Начал рубить, чувствуя в руках какую-то непривычную слабость. Топорище было длинным, давало хороший замах. По весу топор тоже был вполне годным, однако в целом он не понравился мне. Слишком большим оказался угол насадки, и замах пропадал, потому что сила удара уходила из-под центра тяжести. Я скинул кожанку. И надо бы поточить топор, а то, видно, весь сезон никто за это дело не брался. Как мы умеем всякое пустячное дело испортить! На семь человек один топор, и тот с изъянами. Не годится. В тайге без топора – что в море без весла.
Этот кедр я все же добил. Скосил ему на зарубе направление и положил дерево на жиденькую, но высокую пихту. Она слабо хрустнула и покорно легла в болото. А работа тут только начиналась. Крупных деревьев стояло десятка два, да мелочи не меньше.
– Не топор, – сказал я, – а этот, как его…
– Кухаркино добро, – подтвердил Симагин, сменив меня. – Она им с весны дровишки колет, но больше, видно, по камням норовит…
– Паршивые наши дела…
– Да… уж… куда… хуже, – между взмахами сказал Симагин.
Вокруг него вились пауты. Он засек пониже, у пояса. Это правильно. Толщина немного прибавит работы, зато лезвие будет вонзаться как надо и компенсирует неверную насадку. Рубил он здорово, с подергом.
Я подошел к бревну, чтоб немного посидеть. Парнишка в куртке и с замотанной в брезент ногой лениво разгребал перед собой гнус.
– Как оно, «ничего»?
– Просто какой-то ужас! – жалостливо сказал он.
– Именно?
– Кусаются.
– Это еще не пауты, – утешил я его. – А то есть такие, что уши начисто обкусывают. Это да!

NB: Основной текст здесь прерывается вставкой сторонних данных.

section \<open>Copositivity of the Ryshkov polyhedron\<close>

lemma floor_scaled_tendsto: "((\<lambda>m. of_int \<lfloor>real m * a\<rfloor> / real m) \<longlongrightarrow> a) sequentially"
proof (rule tendsto_sandwich[of "\<lambda>m. a - 1 / real m" _ _ "\<lambda>_. a"])
  show "\<forall>\<^sub>F m in sequentially. a - 1 / real m \<le> of_int \<lfloor>real m * a\<rfloor> / real m"
  proof (rule eventually_mono[OF eventually_gt_at_top[of 0]])
    fix m :: nat assume "0 < m"
    then have "a - 1 / real m = (real m * a - 1) / real m" by (simp add: field_simps)
    also have "\<dots> \<le> of_int \<lfloor>real m * a\<rfloor> / real m"
      by (rule divide_right_mono) linarith+
    finally show "a - 1 / real m \<le> of_int \<lfloor>real m * a\<rfloor> / real m" .
  qed
  show "\<forall>\<^sub>F m in sequentially. of_int \<lfloor>real m * a\<rfloor> / real m \<le> a"
    using eventually_gt_at_top[of 0]
    by eventually_elim (simp add: field_simps)
  show "((\<lambda>m. a - 1 / real m) \<longlongrightarrow> a) sequentially"
    using tendsto_diff[OF tendsto_const lim_const_over_n[of 1]] by simp
qed simp

text \<open>A point x of the orthant is the limit of the lattice points \<lfloor>m x\<rfloor> scaled by 1/m.\<close>

lemma COP_iff_nonneg_on_ZposNZ:
  fixes A :: "real^'n::finite^'n"
  shows "A \<in> COP \<longleftrightarrow> A \<in> Sym \<and> (\<forall>v\<in>ZposNZ. 0 \<le> qf A v)"
proof
  assume "A \<in> Sym \<and> (\<forall>v\<in>ZposNZ. 0 \<le> qf A v)"
  then have sym: "A \<in> Sym" and nonneg: "\<forall>v\<in>ZposNZ. 0 \<le> qf A v" by auto
  have "0 \<le> qf A x" if x: "\<forall>i. 0 \<le> x$i" for x :: "real^'n"
  proof (rule ccontr)
    assume "\<not> 0 \<le> qf A x"
    define v :: "nat \<Rightarrow> real^'n" where "v m = (\<chi> i. of_int \<lfloor>real m * x$i\<rfloor>)" for m
    have "(1 / real m) *\<^sub>R v m = (\<chi> i. of_int \<lfloor>real m * x$i\<rfloor> / real m)" for m
      by (simp add: v_def vec_eq_iff)
    then have "((\<lambda>m. (1 / real m) *\<^sub>R v m) \<longlongrightarrow> x) sequentially"
      using tendsto_vec_lambda[OF floor_scaled_tendsto, of "\<lambda>i. x$i"] by simp
    then have "((\<lambda>m. qf A ((1 / real m) *\<^sub>R v m)) \<longlongrightarrow> qf A x) sequentially"
      by (rule continuous_on_tendsto_compose[OF continuous_on_qf[where S = UNIV]]) auto
    then have "\<forall>\<^sub>F m in sequentially. qf A ((1 / real m) *\<^sub>R v m) < 0"
      using \<open>\<not> 0 \<le> qf A x\<close> by (intro order_tendstoD(2)) auto
    then obtain m where "qf A ((1 / real m) *\<^sub>R v m) < 0"
      by (auto dest: eventually_happens)
    then have neg: "qf A (v m) < 0"
      by (simp add: qf_scaleR_vec zero_less_mult_iff mult_less_0_iff)
    then have "v m \<in> ZposNZ"
      using x by (auto simp: ZposNZ_def v_def)
    then show False using nonneg neg by fastforce
  qed
  then show "A \<in> COP" using sym by (simp add: COP_def)
qed (auto simp: COP_def ZposNZ_def)

lemma copositive_zero_grad:
  assumes cop: "A \<in> COP" and x: "\<forall>j. 0 \<le> x$j" and zero: "qf A x = 0" and pos: "0 < x$i"
  shows "(A *v x)$i = 0"
proof -
  have sym: "A \<in> Sym" using cop by (simp add: COP_def)
  define f where "f t = 2 * (A *v x)$i * t + A$i$i * t\<^sup>2" for t
  have f: "f t = qf A (x + t *\<^sub>R axis i 1)" for t
    using zero by (simp add: f_def qf_add_vec[OF sym] qf_scaleR_vec qf_axis inner_axis_left)
  have "(f has_real_derivative 2 * (A *v x)$i) (at 0)"
    unfolding f_def[abs_def] by (auto intro!: derivative_eq_intros)
  moreover have "f 0 \<le> f t" if "\<bar>0 - t\<bar> < x$i" for t
  proof -
    have "\<forall>j. 0 \<le> (x + t *\<^sub>R axis i 1)$j"
      using x that by (auto simp: axis_def)
    then have "0 \<le> f t" using cop by (simp add: f COP_def)
    then show ?thesis by (simp add: f_def)
  qed
  ultimately have "2 * (A *v x)$i = 0"
    using pos by (intro DERIV_local_min) auto
  then show ?thesis by simp
qed

lemma qf_add_kernel_direction:
  assumes cop: "A \<in> COP" and x: "\<forall>j. 0 \<le> x$j" and zero: "qf A x = 0"
    and supp: "\<forall>j. x$j = 0 \<longrightarrow> d$j = 0"
  shows "qf A (t *\<^sub>R x + d) = qf A d"
proof -
  have sym: "A \<in> Sym" using cop by (simp add: COP_def)
  have "d$j * (A *v x)$j = 0" for j
    using copositive_zero_grad[OF cop x zero, of j] x[rule_format, of j] supp
    by (cases "x$j = 0") auto
  then have "d \<bullet> (A *v x) = 0"
    unfolding inner_vec_def inner_real_def by (intro sum.neutral) simp
  then show ?thesis
    by (simp add: qf_add_vec[OF sym] qf_scaleR_vec zero matrix_vector_mult_scaleR)
qed

lemma Dirichlet_approx_vec:
  fixes x :: "real^'n::finite" and N :: nat
  assumes "0 < N"
  obtains q :: int and v :: "real^'n"
  where "0 < q" "\<forall>j. v$j \<in> \<int>" "\<forall>j. \<bar>of_int q * x$j - v$j\<bar> < 1 / real N"
proof -
  obtain h where h: "bij_betw h {..<CARD('n)} (UNIV::'n set)"
    using ex_bij_betw_nat_finite[of "UNIV::'n set"] by (auto simp: atLeast0LessThan)
  obtain q p where qp: "0 < q" "\<And>i. i < CARD('n) \<Longrightarrow> \<bar>of_int q * x $ h i - of_int (p i)\<bar> < 1 / N"
    using Dirichlet_approx_simult[OF assms, where \<theta> = "\<lambda>i. x $ h i" and n = "CARD('n)"] by blast
  define g where "g = inv_into {..<CARD('n)} h"
  have "g j < CARD('n)" "h (g j) = j" for j
    using bij_betw_inv_into_right[OF h] bij_betwE[OF bij_betw_inv_into[OF h]] by (auto simp: g_def)
  then have "\<forall>j. \<bar>of_int q * x$j - of_int (p (g j))\<bar> < 1 / N"
    using qp(2) by metis
  then show ?thesis
    using that[of q "\<chi> j. of_int (p (g j))"] qp(1) by simp
qed

lemma Dirichlet_approx_orthant:
  fixes x :: "real^'n::finite" and N :: nat
  assumes x: "\<forall>j. 0 \<le> x$j" and i: "1 / real N < x$i" and N: "1 \<le> N"
  obtains q :: int and v :: "real^'n"
  where "0 < q" "v \<in> ZposNZ" "\<forall>j. \<bar>v$j - of_int q * x$j\<bar> \<le> 1 / real N"
    "\<forall>j. x$j = 0 \<longrightarrow> v$j = 0"
proof -
  obtain q v where q: "0 < q" and vZ: "\<forall>j. v$j \<in> \<int>"
    and approx: "\<forall>j. \<bar>of_int q * x$j - v$j\<bar> < 1 / N"
    using Dirichlet_approx_vec[of N x] N by auto
  have "1 / real N \<le> 1" using N by simp
  then have small: "\<bar>v$j - of_int q * x$j\<bar> < 1" for j
    using approx[rule_format, of j] by (simp add: abs_minus_commute)
  have "0 \<le> v$j" for j
  proof -
    have "0 \<le> of_int q * x$j" using q x by simp
    with small[of j] have "-1 < v$j" by linarith
    with vZ[rule_format, of j] show ?thesis by (elim Ints_cases) simp
  qed
  moreover have "0 < v$i"
  proof -
    have "0 \<le> 1 / real N" by simp
    with i have "0 < x$i" by linarith
    with q have "x$i \<le> of_int q * x$i" by simp
    with approx[rule_format, of i] i show ?thesis unfolding abs_less_iff by linarith
  qed
  ultimately have "v \<in> ZposNZ"
    unfolding ZposNZ_def using vZ by (auto simp: vec_eq_iff intro!: exI[of _ i])
  moreover have "v$j = 0" if "x$j = 0" for j
  proof -
    have "\<bar>v$j\<bar> < 1" using small[of j] that by simp
    with vZ[rule_format, of j] show ?thesis by (elim Ints_cases) simp
  qed
  ultimately show ?thesis
    using that q approx by (simp add: abs_minus_commute order_less_imp_le)
qed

Сидящий рядом человек не то чтобы улыбнулся, а просто показал белые зубы и спросил:
– У вас что-то с каким-то прибором?
– Перепоказывает.
– Можно взглянуть на вашу погремешку? Я ведь, знаете, тоже рублю по-городскому…
Мы пошли к вертолету. Я по косогору, а он, чуть прихрамывая, прямо, болотом, потому что был в сапогах.
– Какой прибор? – спросил он, когда мы приблизились к машине.
– А вы что-нибудь соображаете?
– Да нет, – он опять по-своему засмеялся. – Хотя и конструктор. Вы в общих чертах…
Мне это понравилось, и я охотно стал ему объяснять. Ручкой шаг-газа регулируется угол атаки. Когда я круто и почти без разгончика взял, вся надежда была на то, что лопасти захватят вволю воздуха и вытащат меня, но вдруг почувствовал перегруз – мощности двигателя не хватало для этого угла атаки. Полного перезатяжеления не произошло – я успел среагировать. Если б через секунду вес вертолета превысил подъемную силу, я загулял бы вниз.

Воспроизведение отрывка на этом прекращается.